§ **Exercise prompt**: Going down the data below, set down exactly the line with "L_info k n \<nu> Pi_prot" and each line after it through the line with "define p1 where"; no other lines.

(Task data)

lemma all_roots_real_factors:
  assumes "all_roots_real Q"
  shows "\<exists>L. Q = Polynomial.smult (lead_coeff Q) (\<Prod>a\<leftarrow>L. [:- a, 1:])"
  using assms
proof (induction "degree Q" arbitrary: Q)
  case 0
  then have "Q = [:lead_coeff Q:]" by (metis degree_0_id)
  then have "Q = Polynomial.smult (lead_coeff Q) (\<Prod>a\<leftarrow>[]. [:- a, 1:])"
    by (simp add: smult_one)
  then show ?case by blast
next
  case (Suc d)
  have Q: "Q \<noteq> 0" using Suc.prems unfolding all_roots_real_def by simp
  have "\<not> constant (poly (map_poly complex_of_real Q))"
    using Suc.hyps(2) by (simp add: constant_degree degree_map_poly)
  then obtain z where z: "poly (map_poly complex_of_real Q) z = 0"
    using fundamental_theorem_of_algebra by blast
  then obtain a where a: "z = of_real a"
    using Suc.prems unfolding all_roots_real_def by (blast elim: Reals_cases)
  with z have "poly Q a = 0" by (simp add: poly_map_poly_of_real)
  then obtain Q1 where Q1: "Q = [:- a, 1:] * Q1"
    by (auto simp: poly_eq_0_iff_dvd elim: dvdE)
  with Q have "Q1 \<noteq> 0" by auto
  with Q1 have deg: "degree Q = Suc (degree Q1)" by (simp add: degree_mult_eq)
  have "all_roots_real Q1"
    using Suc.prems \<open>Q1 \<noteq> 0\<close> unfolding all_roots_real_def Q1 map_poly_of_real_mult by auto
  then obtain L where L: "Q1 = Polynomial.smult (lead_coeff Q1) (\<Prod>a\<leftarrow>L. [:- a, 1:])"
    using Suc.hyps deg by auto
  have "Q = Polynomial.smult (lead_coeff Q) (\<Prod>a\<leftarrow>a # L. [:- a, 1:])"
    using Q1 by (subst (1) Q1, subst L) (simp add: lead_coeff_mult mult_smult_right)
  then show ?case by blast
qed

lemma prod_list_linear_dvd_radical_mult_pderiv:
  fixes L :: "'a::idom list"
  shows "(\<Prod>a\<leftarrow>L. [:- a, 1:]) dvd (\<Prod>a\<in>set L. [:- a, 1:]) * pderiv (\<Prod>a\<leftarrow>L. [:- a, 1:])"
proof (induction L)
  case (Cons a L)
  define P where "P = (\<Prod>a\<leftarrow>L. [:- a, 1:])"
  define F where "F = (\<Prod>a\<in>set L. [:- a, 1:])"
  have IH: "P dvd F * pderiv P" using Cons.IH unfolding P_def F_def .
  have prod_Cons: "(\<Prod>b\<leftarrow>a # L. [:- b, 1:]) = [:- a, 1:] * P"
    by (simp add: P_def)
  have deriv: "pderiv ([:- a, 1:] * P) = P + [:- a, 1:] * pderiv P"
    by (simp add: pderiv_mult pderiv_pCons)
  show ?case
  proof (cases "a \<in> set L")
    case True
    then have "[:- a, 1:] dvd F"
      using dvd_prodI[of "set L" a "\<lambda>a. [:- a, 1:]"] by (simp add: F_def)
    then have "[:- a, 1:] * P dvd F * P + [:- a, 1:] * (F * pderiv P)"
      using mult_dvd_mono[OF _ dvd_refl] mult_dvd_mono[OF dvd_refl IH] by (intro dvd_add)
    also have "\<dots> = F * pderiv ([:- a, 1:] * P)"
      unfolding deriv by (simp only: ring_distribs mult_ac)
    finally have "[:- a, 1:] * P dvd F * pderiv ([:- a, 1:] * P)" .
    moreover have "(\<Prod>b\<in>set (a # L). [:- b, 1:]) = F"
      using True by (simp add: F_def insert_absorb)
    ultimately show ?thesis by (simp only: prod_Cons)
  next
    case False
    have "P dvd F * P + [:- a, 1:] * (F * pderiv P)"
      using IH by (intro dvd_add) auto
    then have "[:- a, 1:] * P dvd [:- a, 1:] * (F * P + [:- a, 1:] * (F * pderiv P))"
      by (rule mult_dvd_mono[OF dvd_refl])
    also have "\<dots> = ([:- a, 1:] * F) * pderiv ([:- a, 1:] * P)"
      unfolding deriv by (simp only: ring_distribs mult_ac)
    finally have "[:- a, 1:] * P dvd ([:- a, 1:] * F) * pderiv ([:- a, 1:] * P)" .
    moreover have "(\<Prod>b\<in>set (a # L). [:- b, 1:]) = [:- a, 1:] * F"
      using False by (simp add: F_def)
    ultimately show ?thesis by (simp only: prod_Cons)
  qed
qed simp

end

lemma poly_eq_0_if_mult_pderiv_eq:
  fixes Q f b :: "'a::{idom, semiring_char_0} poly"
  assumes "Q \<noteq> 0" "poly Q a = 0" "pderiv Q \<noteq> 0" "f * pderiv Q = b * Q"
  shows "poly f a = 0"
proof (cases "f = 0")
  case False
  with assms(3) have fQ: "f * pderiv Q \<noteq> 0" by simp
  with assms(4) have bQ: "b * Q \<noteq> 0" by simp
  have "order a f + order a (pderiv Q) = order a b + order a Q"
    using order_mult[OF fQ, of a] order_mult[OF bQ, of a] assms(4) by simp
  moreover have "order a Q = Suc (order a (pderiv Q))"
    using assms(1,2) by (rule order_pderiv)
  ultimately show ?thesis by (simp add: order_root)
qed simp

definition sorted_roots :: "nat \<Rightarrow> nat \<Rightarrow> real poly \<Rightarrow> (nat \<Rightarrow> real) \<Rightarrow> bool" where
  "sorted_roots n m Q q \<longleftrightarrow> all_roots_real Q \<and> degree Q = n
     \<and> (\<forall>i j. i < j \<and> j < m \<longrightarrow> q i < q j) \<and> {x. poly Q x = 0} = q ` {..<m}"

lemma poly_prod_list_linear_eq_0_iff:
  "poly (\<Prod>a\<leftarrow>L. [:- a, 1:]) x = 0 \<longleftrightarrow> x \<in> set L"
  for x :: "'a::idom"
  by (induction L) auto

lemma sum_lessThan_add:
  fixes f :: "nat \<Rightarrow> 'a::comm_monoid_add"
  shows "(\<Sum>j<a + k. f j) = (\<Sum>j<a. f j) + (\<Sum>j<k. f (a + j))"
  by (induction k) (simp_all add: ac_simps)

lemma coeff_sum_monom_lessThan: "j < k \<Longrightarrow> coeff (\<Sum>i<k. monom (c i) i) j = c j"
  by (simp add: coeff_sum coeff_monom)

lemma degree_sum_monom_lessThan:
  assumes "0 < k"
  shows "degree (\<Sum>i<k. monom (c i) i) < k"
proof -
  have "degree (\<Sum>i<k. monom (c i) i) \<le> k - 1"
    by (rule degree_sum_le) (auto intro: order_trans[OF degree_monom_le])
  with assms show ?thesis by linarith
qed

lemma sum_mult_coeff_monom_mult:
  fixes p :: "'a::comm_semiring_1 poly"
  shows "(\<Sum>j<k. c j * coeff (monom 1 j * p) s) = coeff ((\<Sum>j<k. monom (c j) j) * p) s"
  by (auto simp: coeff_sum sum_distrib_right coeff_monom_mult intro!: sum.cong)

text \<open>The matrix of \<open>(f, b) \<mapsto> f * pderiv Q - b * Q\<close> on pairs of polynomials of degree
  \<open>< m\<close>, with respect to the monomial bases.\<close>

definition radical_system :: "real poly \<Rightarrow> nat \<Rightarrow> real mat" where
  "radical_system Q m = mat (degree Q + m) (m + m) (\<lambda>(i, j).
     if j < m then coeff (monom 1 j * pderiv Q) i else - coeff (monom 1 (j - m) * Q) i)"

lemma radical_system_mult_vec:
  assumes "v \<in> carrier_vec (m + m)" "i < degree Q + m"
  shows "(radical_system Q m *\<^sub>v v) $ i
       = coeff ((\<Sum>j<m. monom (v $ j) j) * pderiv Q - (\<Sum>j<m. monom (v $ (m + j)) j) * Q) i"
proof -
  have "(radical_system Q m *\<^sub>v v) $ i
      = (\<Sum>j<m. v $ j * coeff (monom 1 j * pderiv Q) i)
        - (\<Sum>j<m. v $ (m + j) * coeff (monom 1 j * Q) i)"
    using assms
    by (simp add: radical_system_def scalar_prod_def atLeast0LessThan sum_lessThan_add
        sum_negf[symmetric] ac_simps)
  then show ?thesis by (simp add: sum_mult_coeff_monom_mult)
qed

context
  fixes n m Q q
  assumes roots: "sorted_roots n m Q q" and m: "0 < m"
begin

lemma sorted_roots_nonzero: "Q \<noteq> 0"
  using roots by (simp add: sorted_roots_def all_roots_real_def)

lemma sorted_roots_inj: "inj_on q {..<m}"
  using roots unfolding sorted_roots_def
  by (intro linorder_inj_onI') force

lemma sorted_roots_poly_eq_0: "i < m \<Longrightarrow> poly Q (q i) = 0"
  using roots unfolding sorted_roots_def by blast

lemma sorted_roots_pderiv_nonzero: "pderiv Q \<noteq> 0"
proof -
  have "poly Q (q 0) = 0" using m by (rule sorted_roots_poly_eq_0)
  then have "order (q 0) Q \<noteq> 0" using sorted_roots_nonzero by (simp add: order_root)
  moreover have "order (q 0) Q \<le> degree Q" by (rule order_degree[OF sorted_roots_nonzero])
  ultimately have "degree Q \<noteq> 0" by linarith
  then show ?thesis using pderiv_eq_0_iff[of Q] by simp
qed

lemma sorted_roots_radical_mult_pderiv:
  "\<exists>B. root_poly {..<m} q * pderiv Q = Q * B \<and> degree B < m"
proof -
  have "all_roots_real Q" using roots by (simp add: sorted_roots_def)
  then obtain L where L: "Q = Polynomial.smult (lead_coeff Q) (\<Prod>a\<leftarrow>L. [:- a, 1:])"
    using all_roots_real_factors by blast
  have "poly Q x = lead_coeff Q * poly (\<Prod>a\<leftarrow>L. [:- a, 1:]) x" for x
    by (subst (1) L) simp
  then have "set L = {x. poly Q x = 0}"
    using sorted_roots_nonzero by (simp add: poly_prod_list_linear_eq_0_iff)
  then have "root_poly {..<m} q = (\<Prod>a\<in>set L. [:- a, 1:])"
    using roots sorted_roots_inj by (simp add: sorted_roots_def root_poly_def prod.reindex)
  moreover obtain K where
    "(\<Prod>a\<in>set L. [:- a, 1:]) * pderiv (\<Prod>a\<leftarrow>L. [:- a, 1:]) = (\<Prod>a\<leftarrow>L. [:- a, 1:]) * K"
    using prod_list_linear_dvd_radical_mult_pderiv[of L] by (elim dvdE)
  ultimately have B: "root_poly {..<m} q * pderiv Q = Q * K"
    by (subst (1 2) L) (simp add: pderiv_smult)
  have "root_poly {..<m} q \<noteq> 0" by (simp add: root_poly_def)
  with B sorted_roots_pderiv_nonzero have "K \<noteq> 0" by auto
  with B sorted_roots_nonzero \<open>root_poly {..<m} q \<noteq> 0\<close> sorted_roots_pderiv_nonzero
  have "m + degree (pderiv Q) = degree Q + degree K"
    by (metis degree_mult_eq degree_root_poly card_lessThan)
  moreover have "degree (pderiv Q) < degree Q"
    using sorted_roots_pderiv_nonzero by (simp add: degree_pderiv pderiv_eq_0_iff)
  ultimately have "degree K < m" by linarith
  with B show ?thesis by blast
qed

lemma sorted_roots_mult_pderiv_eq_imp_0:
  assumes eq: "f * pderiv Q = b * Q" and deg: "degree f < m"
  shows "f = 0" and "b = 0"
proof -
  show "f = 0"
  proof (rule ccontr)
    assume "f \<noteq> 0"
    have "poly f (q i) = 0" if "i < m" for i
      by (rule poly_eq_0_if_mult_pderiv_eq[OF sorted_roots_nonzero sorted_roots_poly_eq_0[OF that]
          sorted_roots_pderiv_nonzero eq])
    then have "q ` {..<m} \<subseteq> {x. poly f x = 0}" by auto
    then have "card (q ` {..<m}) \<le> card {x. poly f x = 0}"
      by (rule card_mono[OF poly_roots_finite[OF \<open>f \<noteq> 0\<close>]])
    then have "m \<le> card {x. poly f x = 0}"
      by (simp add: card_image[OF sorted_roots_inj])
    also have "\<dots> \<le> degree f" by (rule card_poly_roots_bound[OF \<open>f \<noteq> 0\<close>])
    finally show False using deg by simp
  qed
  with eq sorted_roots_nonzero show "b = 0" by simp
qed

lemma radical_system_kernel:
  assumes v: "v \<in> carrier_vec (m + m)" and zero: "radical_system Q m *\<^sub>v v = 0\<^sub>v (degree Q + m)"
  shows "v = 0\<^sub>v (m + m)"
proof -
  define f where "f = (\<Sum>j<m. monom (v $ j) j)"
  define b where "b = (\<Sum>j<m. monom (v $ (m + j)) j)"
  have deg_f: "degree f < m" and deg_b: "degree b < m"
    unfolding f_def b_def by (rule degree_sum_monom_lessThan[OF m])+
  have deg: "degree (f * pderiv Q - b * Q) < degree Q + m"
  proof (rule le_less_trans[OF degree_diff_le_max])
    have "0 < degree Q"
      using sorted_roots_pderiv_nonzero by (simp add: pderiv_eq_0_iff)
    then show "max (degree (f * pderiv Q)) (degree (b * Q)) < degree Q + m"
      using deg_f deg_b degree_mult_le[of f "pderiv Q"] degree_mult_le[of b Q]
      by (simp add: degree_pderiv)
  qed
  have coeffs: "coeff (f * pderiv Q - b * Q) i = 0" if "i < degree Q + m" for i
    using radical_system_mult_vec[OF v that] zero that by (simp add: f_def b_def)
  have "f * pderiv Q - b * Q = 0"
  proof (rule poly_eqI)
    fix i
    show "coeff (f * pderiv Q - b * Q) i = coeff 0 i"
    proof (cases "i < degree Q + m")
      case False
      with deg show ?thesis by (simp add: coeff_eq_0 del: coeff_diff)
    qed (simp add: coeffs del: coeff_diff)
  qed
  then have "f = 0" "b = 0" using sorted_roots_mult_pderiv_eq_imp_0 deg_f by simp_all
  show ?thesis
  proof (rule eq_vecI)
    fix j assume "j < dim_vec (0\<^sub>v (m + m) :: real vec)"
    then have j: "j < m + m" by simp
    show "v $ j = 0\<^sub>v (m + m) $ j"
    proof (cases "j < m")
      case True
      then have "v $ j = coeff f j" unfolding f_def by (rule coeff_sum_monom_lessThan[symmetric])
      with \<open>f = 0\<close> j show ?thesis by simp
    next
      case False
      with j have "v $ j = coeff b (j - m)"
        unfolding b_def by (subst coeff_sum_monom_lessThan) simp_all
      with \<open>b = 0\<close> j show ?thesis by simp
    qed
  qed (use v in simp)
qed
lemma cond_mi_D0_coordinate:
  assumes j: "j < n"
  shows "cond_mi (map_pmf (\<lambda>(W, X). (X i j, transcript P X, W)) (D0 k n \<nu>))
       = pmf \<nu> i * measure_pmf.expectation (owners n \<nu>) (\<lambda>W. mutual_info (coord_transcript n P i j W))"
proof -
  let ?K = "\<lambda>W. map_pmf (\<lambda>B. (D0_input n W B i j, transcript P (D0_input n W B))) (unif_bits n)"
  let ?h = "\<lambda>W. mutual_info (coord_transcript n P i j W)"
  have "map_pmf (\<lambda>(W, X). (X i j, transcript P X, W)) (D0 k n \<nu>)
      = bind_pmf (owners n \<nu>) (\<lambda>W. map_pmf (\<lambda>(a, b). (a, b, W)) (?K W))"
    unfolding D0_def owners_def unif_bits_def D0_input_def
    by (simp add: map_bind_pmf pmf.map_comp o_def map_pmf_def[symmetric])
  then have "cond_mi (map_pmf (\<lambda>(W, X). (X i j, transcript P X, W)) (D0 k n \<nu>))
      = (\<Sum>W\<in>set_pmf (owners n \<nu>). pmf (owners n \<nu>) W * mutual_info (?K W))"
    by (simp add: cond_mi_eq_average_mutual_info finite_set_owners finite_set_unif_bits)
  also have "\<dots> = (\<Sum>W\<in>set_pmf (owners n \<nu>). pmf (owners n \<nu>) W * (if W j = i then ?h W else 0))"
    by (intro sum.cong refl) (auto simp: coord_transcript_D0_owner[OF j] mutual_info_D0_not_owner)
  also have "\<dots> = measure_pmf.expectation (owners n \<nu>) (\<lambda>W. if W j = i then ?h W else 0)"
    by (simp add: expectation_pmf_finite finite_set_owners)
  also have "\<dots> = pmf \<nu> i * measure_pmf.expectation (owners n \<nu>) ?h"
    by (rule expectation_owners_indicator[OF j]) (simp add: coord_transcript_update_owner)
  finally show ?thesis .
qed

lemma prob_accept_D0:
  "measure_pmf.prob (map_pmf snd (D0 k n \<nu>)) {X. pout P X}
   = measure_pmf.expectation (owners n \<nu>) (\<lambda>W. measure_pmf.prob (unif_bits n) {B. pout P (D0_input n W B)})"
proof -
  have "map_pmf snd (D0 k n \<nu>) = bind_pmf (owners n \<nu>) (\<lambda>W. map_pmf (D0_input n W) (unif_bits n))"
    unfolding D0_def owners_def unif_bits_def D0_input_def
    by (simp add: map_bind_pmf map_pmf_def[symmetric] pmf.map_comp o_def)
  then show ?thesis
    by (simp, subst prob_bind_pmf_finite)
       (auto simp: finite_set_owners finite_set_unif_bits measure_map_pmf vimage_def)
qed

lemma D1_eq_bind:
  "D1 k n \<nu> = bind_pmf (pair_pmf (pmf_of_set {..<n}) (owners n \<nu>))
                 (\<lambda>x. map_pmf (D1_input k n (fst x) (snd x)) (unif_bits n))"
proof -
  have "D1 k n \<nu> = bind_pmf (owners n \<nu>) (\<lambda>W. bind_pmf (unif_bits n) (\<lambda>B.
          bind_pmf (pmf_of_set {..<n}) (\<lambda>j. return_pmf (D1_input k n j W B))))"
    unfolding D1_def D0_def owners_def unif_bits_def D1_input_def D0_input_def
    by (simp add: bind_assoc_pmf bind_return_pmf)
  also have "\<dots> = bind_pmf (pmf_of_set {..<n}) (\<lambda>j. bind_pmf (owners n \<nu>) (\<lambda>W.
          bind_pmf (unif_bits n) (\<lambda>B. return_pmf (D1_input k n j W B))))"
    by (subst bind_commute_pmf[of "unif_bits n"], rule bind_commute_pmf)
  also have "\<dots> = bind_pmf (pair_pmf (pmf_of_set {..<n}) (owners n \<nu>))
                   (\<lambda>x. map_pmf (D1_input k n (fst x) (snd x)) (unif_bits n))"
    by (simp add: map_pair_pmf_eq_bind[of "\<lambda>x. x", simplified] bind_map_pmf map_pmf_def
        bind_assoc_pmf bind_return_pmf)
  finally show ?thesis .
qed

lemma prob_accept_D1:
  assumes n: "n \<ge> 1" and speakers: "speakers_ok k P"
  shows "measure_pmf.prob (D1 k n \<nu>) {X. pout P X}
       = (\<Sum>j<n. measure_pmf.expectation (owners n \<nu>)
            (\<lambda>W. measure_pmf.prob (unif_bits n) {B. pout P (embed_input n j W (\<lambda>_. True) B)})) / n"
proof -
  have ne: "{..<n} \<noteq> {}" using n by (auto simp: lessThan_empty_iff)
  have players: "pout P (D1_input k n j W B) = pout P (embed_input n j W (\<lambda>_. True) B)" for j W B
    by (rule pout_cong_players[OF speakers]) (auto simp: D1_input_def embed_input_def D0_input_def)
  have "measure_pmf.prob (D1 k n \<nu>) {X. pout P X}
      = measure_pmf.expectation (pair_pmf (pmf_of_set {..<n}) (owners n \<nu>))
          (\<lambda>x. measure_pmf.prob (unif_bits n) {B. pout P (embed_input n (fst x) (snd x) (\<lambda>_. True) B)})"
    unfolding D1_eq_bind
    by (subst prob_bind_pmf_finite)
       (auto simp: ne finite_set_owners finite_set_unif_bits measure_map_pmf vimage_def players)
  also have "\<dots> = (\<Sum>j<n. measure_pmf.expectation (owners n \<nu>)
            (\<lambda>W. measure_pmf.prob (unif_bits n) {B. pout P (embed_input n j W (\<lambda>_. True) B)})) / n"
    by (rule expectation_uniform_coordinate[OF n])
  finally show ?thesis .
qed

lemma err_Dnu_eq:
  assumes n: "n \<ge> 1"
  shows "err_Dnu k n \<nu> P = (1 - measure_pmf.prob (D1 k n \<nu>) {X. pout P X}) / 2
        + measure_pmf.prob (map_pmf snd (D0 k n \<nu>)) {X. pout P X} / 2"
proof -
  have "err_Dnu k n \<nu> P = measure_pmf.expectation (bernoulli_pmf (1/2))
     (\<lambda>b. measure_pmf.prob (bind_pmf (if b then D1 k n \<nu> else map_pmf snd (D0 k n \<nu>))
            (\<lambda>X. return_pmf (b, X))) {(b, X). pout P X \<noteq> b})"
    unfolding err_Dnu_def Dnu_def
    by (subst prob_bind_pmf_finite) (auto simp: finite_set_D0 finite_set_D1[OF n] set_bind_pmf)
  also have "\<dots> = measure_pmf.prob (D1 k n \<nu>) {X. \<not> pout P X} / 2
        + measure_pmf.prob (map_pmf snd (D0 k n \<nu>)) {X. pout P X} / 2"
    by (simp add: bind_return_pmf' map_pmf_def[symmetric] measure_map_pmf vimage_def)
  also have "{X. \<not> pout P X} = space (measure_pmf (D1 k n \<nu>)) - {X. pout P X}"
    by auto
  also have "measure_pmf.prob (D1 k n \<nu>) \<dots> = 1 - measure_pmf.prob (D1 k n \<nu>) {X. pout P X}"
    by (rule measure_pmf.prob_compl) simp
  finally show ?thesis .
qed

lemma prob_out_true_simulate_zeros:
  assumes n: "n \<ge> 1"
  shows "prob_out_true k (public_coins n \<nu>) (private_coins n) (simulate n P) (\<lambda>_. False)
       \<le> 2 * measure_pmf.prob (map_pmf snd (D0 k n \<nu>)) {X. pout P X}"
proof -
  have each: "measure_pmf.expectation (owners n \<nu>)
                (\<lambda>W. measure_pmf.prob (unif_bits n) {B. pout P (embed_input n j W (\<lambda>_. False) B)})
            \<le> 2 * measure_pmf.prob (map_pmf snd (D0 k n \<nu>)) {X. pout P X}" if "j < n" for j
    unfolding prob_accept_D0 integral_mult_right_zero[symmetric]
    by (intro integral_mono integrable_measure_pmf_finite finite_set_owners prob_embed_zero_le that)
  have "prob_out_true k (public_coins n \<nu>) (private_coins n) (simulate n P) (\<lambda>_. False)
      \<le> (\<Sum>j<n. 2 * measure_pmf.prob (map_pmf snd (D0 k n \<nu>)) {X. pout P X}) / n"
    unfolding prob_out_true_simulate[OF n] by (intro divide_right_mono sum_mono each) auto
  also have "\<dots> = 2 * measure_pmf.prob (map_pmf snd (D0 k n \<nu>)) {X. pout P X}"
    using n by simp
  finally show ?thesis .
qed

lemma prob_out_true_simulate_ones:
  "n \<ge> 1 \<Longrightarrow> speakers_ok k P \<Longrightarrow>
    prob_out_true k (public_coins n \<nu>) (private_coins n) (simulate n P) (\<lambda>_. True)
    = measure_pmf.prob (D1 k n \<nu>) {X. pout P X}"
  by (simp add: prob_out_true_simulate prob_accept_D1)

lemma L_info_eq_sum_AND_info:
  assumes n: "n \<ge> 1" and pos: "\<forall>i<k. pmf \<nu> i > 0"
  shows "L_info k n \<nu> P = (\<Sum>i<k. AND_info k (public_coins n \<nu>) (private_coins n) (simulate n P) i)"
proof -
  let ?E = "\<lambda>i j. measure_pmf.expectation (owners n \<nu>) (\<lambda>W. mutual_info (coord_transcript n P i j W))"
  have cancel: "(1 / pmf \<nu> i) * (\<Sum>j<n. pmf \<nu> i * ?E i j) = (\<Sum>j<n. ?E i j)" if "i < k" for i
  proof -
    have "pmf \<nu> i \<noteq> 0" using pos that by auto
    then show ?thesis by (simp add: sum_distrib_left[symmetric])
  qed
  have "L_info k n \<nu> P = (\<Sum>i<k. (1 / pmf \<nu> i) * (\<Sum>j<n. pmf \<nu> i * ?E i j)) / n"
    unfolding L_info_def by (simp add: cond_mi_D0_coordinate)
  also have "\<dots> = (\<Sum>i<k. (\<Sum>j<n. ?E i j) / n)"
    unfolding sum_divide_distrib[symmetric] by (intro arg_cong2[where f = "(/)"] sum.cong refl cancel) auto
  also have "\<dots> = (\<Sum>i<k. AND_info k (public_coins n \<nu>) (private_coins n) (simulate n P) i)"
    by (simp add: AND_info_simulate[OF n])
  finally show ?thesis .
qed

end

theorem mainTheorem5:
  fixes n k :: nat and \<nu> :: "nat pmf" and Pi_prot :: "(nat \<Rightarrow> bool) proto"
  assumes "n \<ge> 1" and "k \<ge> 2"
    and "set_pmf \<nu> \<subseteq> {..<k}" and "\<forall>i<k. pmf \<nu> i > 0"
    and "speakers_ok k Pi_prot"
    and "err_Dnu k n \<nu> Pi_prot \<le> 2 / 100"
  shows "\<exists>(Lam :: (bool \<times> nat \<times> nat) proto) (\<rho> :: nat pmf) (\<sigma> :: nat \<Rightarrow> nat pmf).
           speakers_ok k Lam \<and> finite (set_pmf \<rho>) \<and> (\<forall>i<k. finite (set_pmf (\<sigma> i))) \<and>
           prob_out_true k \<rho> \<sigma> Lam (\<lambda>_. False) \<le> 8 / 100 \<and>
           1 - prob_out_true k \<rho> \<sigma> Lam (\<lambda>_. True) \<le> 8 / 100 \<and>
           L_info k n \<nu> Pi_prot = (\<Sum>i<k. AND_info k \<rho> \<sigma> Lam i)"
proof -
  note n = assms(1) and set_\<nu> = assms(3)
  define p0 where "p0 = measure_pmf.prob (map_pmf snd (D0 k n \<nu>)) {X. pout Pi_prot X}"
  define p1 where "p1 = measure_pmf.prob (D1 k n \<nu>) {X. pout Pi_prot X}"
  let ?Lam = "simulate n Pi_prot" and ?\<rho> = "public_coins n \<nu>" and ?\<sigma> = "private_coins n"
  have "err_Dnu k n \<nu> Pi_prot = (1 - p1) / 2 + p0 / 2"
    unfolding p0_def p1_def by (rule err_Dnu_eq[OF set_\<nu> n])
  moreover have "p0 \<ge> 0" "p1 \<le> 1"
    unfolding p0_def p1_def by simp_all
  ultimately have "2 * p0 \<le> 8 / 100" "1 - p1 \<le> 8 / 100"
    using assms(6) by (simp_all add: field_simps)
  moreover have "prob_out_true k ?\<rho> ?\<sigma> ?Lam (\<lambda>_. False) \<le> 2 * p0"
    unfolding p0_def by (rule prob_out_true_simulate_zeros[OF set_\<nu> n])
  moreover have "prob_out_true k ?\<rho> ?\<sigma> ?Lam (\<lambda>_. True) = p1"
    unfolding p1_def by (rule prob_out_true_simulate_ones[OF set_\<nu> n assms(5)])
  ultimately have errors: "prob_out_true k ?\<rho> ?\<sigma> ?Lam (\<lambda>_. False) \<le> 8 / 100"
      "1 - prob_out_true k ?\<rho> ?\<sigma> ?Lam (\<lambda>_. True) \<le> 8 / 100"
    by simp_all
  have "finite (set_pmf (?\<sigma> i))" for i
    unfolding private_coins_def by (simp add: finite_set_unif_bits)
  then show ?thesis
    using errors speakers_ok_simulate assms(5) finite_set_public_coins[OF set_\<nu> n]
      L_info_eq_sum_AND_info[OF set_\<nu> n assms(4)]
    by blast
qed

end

(End Task data)

§ **Expected answer**:
           L_info k n \<nu> Pi_prot = (\<Sum>i<k. AND_info k \<rho> \<sigma> Lam i)"
proof -
  note n = assms(1) and set_\<nu> = assms(3)
  define p0 where "p0 = measure_pmf.prob (map_pmf snd (D0 k n \<nu>)) {X. pout Pi_prot X}"
  define p1 where "p1 = measure_pmf.prob (D1 k n \<nu>) {X. pout Pi_prot X}"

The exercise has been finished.